Dietary polyacetylenes are unique natural products with anti-proliferative actions derived from plants such as ginseng, celery and parsley. They have received less attention than other phytochemicals (such as flavonoids) as new therapeutic modalities for cancer, infections and inflammation. Although studies have linked high consumption of fruits and vegetables with reduced cancer risk, little is known about the mechanisms by which these polyacetylenes act.
Kang and colleagues recently published a paper reporting on their characterization of the secretome of human colorectal cancer cell line HCT116 in response to treatment with gymnasterkoreayne B (GKB), a polyacetylene found in Gymnaster koraiensis.1 In addition to defining the apoptotic pathways stimulated by the phytochemical, the team also used a novel culture method to elucidate the protein response to treatment.

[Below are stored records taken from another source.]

text \<open>The dual as stated omits the constraint \<open>v\<^sup>K \<le> 0\<close> belonging to the variable \<open>z\<^sup>K\<close>,
  which does not occur in the primal objective; this is why \<open>v\<^sup>K z\<^sup>K\<close> appears below.\<close>

lemma duality_gap:
  assumes "1 \<le> K d M i"
  shows "SP_obj d M i z + v (K d M i) * z (K d M i) - DSP_obj d M y i v =
     v 1 * (z 1 - (1 - S d M y i 1))
     + (\<Sum>k=2..K d M i. v k * (z k - z (k-1) + S d M y i k))
     + (\<Sum>k=1..K d M i - 1. (D d M i (k+1) - D d M i k - (v k - v (k+1))) * z k)"
proof -
  obtain n where n: "K d M i = n + 1" using assms by (metis add.commute le_Suc_ex)
  show ?thesis
    using sum_by_parts_nat[of v z n]
    by (simp add: n SP_obj_def DSP_obj_def algebra_simps sum.distrib sum_subtractf)
qed

lemma weak_duality:
  assumes "1 \<le> K d M i" and v: "DSP_feasible d M i v" and z: "SP_feasible d M y i z"
  shows "DSP_obj d M y i v \<le> SP_obj d M i z + v (K d M i) * z (K d M i)"
proof -
  have v_step: "\<And>k. k \<in> {1..K d M i - 1} \<Longrightarrow> v k - v (k+1) \<le> D d M i (k+1) - D d M i k"
    and v_nonneg: "\<And>k. k \<in> {1..K d M i} \<Longrightarrow> 0 \<le> v k"
    using v by (auto simp: DSP_feasible_def)
  have z_1: "1 - S d M y i 1 \<le> z 1"
    and z_step: "\<And>k. k \<in> {2..K d M i} \<Longrightarrow> - S d M y i k \<le> z k - z (k-1)"
    and z_nonneg: "\<And>k. k \<in> {1..K d M i} \<Longrightarrow> 0 \<le> z k"
    using z by (auto simp: SP_feasible_def)
  have "0 \<le> v 1 * (z 1 - (1 - S d M y i 1))"
    using v_nonneg[of 1] z_1 assms(1) by simp
  moreover have "0 \<le> (\<Sum>k=2..K d M i. v k * (z k - z (k-1) + S d M y i k))"
  proof (intro sum_nonneg mult_nonneg_nonneg)
    fix k assume "k \<in> {2..K d M i}"
    then show "0 \<le> v k" "0 \<le> z k - z (k-1) + S d M y i k"
      using v_nonneg[of k] z_step[of k] by auto
  qed
  moreover have "0 \<le> (\<Sum>k=1..K d M i - 1. (D d M i (k+1) - D d M i k - (v k - v (k+1))) * z k)"
  proof (intro sum_nonneg mult_nonneg_nonneg)
    fix k assume "k \<in> {1..K d M i - 1}"
    then show "0 \<le> D d M i (k+1) - D d M i k - (v k - v (k+1))" "0 \<le> z k"
      using v_step[of k] z_nonneg[of k] by auto
  qed
  ultimately show ?thesis using duality_gap[OF assms(1), of z v y] by linarith
qed
lemma closed_open_regular_UN:
  fixes M :: "'a::metric_space measure" and A :: "nat \<Rightarrow> 'a set"
  assumes M: "fin_borel M" and A: "range A \<subseteq> sets borel" and reg: "\<And>i. closed_open_regular M (A i)"
  shows "closed_open_regular M (\<Union>(range A))"
  unfolding closed_open_regular_def
proof (intro allI impI)
  fix e :: real assume e: "e > 0"
  have sM: "sets M = sets borel" and fm: "finite_measure M" using M by (auto simp: fin_borel_def)
  have Ab: "A i \<in> sets M" for i using A sM by auto
  have mono: "measure M S \<le> measure M T" if "S \<subseteq> T" "T \<in> sets M" for S T
    using that by (intro finite_measure.finite_measure_mono[OF fm])
  define \<delta> where "\<delta> i = e / 8 * (1/2) ^ i" for i :: nat
  have \<delta>sum: "summable \<delta>" unfolding \<delta>_def by (intro summable_mult summable_geometric) simp
  have \<delta>val: "(\<Sum>i. \<delta> i) = e / 4" unfolding \<delta>_def
    by (subst suminf_mult) (auto simp: suminf_geometric)
  have "\<delta> i > 0" for i using e by (simp add: \<delta>_def)
  then have "\<forall>i. \<exists>F U. closed F \<and> open U \<and> F \<subseteq> A i \<and> A i \<subseteq> U \<and> measure M U \<le> measure M F + \<delta> i"
    using reg[unfolded closed_open_regular_def] by blast
  then obtain F U where FU: "\<And>i. closed (F i)" "\<And>i. open (U i)" "\<And>i. F i \<subseteq> A i" "\<And>i. A i \<subseteq> U i"
    "\<And>i. measure M (U i) \<le> measure M (F i) + \<delta> i"
    by metis
  have Fb: "F i \<in> sets M" "U i \<in> sets M" for i using FU(1,2) sM by auto
  \<comment> \<open>\<open>U' := \<Union>U\<^sub>i\<close> exceeds \<open>\<Union>A\<^sub>i\<close> by at most \<open>D\<close>; a finite union \<open>F'\<close> of the \<open>F\<^sub>i\<close>
      misses at most \<open>D\<close> and a tail of the \<open>A\<^sub>i\<close>.\<close>
  define D where "D = (\<Union>i. U i - F i)"
  have Db: "D \<in> sets M" unfolding D_def using Fb by auto
  have mD: "measure M (U i - F i) \<le> \<delta> i" for i
    using finite_measure.finite_measure_Diff[OF fm Fb(2) Fb(1)] FU(3,4)[of i] FU(5)[of i] by auto
  have "measure M D \<le> (\<Sum>i. \<delta> i)"
    unfolding D_def using Fb mD \<delta>sum by (intro finite_measure_UN_le_suminf[OF fm]) auto
  then have mDe: "measure M D \<le> e / 4" using \<delta>val by simp
  define A' where "A' = (\<Union>(range A))"
  have A'b: "A' \<in> sets M" unfolding A'_def using Ab by auto
  have "e / 4 > 0" using e by simp
  obtain N where "measure M (\<Union>i. A i) < measure M (\<Union>i<N. A i) + e / 4"
    by (rule finite_measure_UN_approx_finite[OF fm Ab \<open>e / 4 > 0\<close>])
  then have N: "measure M A' < measure M (\<Union>i<N. A i) + e / 4" by (simp add: A'_def)
  define F' where "F' = (\<Union>i<N. F i)"
  have cF': "closed F'" unfolding F'_def using FU(1) by (intro closed_UN) auto
  have F'b: "F' \<in> sets M" using cF' sM by auto
  have "(\<Union>i<N. A i) \<subseteq> F' \<union> D" unfolding F'_def D_def using FU(4) by blast
  then have "measure M (\<Union>i<N. A i) \<le> measure M (F' \<union> D)"
    using F'b Db by (intro mono) auto
  also have "\<dots> \<le> measure M F' + measure M D"
    using F'b Db by (intro measure_Un_le) auto
  finally have mA': "measure M A' < measure M F' + e/2" using N mDe by simp
  define U' where "U' = (\<Union>i. U i)"
  have "U' \<subseteq> A' \<union> D" unfolding U'_def A'_def D_def using FU(3) by blast
  then have "measure M U' \<le> measure M (A' \<union> D)"
    using A'b Db by (intro mono) auto
  also have "\<dots> \<le> measure M A' + measure M D"
    using A'b Db by (intro measure_Un_le) auto
  finally have "measure M U' \<le> measure M F' + e" using mA' mDe e by linarith
  moreover have "open U'" unfolding U'_def using FU(2) by auto
  moreover have "F' \<subseteq> \<Union>(range A)" unfolding F'_def using FU(3) by blast
  moreover have "\<Union>(range A) \<subseteq> U'" unfolding U'_def using FU(4) by blast
  ultimately show "\<exists>F U. closed F \<and> open U \<and> F \<subseteq> \<Union>(range A) \<and> \<Union>(range A) \<subseteq> U \<and> measure M U \<le> measure M F + e"
    using cF' by blast
qed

In addition to the HTC116 cells, the researchers also examined the effect of GKB treatment in HepG2 (human hepatocellular carcinoma), Caco-2 and HT29 (human colorectal carcinoma) cell lines. Treatment with GKB was anti-proliferative in all cell lines, inducing markers of apoptosis that included increased sub-G0/G1 content and typical morphological changes (apoptotic bodies, chromatin condensation) seen under phase contrast microscopy. GKB also induced translocation of phosphatidylserine to the HCT116 cell surface, as shown by annexin-V-fluorescein and propidium iodide staining.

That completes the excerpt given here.